WORK ITEM
Please report every line in the entries that contains the string "close".

DATA SECTION
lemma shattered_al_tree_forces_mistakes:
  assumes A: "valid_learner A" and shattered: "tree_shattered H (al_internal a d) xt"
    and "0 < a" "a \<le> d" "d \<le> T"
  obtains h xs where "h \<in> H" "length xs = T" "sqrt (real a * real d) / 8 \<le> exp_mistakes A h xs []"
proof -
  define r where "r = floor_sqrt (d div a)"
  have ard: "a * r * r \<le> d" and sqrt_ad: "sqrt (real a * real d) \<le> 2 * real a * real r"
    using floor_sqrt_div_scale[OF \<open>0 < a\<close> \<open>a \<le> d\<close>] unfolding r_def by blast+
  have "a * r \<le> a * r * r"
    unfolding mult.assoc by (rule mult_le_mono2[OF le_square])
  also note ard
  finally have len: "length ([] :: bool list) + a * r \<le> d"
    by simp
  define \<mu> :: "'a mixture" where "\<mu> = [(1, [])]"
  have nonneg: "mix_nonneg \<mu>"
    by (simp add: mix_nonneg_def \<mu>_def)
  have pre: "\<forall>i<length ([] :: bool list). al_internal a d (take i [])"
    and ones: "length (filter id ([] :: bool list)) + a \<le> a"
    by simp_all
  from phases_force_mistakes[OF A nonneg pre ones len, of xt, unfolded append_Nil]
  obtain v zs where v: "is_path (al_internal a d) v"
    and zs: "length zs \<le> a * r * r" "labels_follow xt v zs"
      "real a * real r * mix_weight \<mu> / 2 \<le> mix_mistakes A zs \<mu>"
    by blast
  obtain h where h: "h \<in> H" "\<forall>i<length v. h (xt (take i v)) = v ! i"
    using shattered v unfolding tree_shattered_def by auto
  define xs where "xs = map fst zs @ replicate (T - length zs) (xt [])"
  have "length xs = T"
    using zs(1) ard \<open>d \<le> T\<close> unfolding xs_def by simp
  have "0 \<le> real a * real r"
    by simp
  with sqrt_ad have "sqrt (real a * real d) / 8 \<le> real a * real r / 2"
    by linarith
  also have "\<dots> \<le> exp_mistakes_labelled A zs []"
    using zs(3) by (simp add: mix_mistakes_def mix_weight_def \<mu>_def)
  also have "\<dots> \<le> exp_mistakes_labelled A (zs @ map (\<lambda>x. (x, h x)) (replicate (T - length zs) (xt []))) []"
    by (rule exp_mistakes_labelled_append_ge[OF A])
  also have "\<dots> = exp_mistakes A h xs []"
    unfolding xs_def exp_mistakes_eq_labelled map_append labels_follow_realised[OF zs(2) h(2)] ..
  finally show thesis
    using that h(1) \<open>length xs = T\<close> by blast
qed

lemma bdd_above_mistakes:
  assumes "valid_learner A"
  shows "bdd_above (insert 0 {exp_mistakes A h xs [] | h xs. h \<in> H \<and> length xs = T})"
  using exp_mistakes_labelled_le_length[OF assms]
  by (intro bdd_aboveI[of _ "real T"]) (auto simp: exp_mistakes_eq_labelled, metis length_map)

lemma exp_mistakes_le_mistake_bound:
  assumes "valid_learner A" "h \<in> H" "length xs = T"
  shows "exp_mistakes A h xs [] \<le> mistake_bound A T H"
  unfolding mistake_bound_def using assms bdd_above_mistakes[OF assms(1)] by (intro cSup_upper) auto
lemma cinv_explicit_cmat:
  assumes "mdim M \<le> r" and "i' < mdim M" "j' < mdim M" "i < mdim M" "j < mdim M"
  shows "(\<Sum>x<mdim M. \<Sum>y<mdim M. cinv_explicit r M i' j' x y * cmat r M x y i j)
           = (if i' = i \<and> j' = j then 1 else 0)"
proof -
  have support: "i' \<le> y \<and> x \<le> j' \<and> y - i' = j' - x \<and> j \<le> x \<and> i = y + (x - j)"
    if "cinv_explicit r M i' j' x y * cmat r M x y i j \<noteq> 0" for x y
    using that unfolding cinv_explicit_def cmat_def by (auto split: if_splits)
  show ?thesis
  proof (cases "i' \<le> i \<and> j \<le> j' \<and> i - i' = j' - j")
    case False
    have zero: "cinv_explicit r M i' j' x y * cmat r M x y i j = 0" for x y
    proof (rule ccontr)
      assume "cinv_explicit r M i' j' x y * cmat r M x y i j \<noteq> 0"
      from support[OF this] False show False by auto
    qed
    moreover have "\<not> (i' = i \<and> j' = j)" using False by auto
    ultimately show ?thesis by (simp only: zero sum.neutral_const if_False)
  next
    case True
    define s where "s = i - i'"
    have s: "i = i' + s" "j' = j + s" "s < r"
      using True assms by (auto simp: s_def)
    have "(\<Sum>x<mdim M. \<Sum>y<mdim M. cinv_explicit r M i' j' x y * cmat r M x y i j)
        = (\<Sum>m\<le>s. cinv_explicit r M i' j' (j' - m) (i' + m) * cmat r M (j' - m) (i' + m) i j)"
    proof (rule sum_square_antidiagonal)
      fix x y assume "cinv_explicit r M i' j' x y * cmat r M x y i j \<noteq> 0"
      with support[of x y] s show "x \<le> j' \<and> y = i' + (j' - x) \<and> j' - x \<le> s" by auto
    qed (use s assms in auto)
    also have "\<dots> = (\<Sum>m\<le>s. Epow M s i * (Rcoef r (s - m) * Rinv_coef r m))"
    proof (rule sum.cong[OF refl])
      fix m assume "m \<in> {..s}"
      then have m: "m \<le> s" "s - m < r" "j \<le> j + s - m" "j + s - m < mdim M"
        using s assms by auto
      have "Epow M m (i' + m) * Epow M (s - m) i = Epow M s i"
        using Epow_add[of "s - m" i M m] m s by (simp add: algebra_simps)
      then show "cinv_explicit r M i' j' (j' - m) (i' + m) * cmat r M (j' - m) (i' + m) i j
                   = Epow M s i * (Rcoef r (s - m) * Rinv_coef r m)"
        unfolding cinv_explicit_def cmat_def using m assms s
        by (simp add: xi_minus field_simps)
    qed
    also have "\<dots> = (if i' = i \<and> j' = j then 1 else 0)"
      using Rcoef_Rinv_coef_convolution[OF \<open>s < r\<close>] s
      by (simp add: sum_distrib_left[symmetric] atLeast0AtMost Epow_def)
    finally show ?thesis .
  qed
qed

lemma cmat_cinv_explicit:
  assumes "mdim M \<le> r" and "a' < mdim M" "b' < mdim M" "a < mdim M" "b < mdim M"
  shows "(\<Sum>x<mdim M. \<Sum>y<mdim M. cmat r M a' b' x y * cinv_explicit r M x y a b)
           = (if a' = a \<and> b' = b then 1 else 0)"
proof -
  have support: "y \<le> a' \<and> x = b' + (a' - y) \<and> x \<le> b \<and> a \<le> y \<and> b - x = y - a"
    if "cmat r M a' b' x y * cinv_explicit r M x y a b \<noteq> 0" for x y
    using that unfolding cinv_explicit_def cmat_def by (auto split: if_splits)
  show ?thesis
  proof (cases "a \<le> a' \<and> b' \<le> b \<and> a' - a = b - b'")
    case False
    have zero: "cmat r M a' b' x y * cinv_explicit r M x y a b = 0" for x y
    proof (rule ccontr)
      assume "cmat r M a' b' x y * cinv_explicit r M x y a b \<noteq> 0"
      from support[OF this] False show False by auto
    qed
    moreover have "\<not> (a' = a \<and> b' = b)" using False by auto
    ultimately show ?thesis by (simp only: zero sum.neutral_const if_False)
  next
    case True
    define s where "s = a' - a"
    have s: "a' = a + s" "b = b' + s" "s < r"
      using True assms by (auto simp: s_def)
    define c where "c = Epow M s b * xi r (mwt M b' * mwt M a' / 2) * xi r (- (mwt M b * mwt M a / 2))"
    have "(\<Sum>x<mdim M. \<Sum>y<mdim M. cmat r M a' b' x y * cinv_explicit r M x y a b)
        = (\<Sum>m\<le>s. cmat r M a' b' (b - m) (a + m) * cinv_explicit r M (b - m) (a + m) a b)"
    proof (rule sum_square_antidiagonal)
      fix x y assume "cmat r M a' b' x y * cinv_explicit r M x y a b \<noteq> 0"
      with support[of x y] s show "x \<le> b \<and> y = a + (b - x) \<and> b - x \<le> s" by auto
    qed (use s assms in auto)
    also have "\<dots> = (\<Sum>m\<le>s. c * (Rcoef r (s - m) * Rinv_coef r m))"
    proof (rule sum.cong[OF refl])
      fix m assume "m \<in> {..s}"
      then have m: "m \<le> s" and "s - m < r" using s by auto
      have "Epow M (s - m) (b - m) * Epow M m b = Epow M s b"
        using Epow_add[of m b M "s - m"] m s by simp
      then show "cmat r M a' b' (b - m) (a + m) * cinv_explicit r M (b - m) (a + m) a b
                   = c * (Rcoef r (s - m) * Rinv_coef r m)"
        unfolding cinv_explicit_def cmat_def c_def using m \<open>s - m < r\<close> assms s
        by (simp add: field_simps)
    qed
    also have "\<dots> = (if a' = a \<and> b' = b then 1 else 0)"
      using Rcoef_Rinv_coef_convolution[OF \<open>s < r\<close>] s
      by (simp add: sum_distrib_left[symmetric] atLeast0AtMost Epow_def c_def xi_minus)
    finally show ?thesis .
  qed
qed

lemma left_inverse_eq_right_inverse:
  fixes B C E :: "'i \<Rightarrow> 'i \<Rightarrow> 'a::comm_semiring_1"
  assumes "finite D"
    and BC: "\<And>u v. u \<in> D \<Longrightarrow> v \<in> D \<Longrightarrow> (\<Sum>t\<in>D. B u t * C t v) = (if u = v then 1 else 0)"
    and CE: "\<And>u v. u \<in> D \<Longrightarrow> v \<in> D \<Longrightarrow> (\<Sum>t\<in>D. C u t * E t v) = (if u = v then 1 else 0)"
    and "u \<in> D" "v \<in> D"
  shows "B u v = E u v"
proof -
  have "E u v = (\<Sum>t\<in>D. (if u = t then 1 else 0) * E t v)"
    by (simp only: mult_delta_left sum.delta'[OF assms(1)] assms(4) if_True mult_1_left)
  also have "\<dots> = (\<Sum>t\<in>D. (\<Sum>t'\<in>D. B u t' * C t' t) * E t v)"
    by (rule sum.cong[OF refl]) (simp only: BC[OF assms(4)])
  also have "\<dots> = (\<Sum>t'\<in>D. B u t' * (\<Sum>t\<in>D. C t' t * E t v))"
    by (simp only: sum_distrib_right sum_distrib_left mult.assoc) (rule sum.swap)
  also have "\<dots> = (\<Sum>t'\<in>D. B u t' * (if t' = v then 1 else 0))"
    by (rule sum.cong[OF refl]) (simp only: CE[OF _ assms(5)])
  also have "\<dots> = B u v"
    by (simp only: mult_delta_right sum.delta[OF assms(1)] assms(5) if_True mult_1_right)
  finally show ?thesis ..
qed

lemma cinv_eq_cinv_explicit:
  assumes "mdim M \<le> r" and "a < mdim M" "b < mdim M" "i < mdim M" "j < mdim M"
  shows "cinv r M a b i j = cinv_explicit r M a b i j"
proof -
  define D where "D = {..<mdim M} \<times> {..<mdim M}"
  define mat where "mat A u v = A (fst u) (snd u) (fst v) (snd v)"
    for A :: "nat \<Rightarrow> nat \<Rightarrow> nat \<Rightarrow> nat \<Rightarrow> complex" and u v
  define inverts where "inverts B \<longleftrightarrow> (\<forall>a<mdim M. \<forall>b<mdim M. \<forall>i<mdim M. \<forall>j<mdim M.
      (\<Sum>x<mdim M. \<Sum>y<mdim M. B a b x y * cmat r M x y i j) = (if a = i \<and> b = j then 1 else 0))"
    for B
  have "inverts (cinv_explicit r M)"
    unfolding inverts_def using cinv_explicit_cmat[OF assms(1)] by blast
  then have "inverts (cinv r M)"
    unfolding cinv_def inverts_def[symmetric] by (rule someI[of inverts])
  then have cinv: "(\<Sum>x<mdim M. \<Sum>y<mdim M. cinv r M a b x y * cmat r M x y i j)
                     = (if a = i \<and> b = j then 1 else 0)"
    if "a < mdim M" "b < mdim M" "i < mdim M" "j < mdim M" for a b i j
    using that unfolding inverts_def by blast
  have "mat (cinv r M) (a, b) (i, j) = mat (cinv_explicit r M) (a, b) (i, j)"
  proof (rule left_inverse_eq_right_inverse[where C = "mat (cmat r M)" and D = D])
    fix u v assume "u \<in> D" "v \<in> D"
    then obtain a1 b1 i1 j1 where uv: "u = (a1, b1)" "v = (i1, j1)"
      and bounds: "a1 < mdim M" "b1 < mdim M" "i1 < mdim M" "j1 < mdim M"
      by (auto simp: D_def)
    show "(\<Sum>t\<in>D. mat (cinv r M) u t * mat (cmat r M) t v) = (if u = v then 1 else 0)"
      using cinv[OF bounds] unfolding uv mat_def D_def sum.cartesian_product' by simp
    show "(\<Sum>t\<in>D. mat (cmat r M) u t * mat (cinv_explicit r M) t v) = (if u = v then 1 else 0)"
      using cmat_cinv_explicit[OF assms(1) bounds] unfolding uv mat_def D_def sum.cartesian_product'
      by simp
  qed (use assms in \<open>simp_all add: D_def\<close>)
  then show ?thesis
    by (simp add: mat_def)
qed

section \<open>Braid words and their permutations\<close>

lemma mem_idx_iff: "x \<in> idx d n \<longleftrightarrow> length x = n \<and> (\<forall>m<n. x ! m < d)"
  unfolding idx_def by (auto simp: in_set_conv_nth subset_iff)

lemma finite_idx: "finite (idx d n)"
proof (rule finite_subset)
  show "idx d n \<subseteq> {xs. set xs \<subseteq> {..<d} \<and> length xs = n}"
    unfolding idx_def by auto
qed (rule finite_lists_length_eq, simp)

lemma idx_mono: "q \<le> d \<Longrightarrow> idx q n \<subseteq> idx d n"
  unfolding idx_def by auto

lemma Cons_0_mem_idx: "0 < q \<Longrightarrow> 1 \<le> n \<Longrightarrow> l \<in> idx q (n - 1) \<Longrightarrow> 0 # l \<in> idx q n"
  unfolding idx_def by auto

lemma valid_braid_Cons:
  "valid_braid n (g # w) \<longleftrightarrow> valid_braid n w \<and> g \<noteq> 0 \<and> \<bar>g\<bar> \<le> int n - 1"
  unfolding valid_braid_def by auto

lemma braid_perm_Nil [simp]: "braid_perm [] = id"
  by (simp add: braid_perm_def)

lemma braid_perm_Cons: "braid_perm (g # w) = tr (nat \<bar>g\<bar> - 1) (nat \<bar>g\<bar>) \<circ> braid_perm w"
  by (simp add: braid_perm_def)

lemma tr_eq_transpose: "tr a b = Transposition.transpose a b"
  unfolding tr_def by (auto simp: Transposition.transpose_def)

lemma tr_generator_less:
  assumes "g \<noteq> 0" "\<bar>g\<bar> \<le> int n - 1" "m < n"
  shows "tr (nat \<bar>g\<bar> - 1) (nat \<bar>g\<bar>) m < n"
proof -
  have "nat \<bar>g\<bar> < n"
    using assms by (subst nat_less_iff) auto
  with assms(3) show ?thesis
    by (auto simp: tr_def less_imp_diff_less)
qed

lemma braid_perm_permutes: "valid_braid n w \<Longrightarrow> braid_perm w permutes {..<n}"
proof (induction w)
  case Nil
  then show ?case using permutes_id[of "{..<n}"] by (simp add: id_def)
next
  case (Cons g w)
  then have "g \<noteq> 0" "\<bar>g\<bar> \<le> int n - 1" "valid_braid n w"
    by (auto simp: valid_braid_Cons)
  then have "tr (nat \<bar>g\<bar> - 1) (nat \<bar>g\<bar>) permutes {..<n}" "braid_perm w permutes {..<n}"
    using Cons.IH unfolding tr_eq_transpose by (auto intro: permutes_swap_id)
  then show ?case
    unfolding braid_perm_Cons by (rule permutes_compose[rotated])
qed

SOLUTION TO THIS PROBLEM
    using floor_sqrt_div_scale[OF \<open>0 < a\<close> \<open>a \<le> d\<close>] unfolding r_def by blast+
    using zs(1) ard \<open>d \<le> T\<close> unfolding xs_def by simp
    using that h(1) \<open>length xs = T\<close> by blast
      using Rcoef_Rinv_coef_convolution[OF \<open>s < r\<close>] s
        unfolding cinv_explicit_def cmat_def c_def using m \<open>s - m < r\<close> assms s
      using Rcoef_Rinv_coef_convolution[OF \<open>s < r\<close>] s
  qed (use assms in \<open>simp_all add: D_def\<close>)
section \<open>Braid words and their permutations\<close>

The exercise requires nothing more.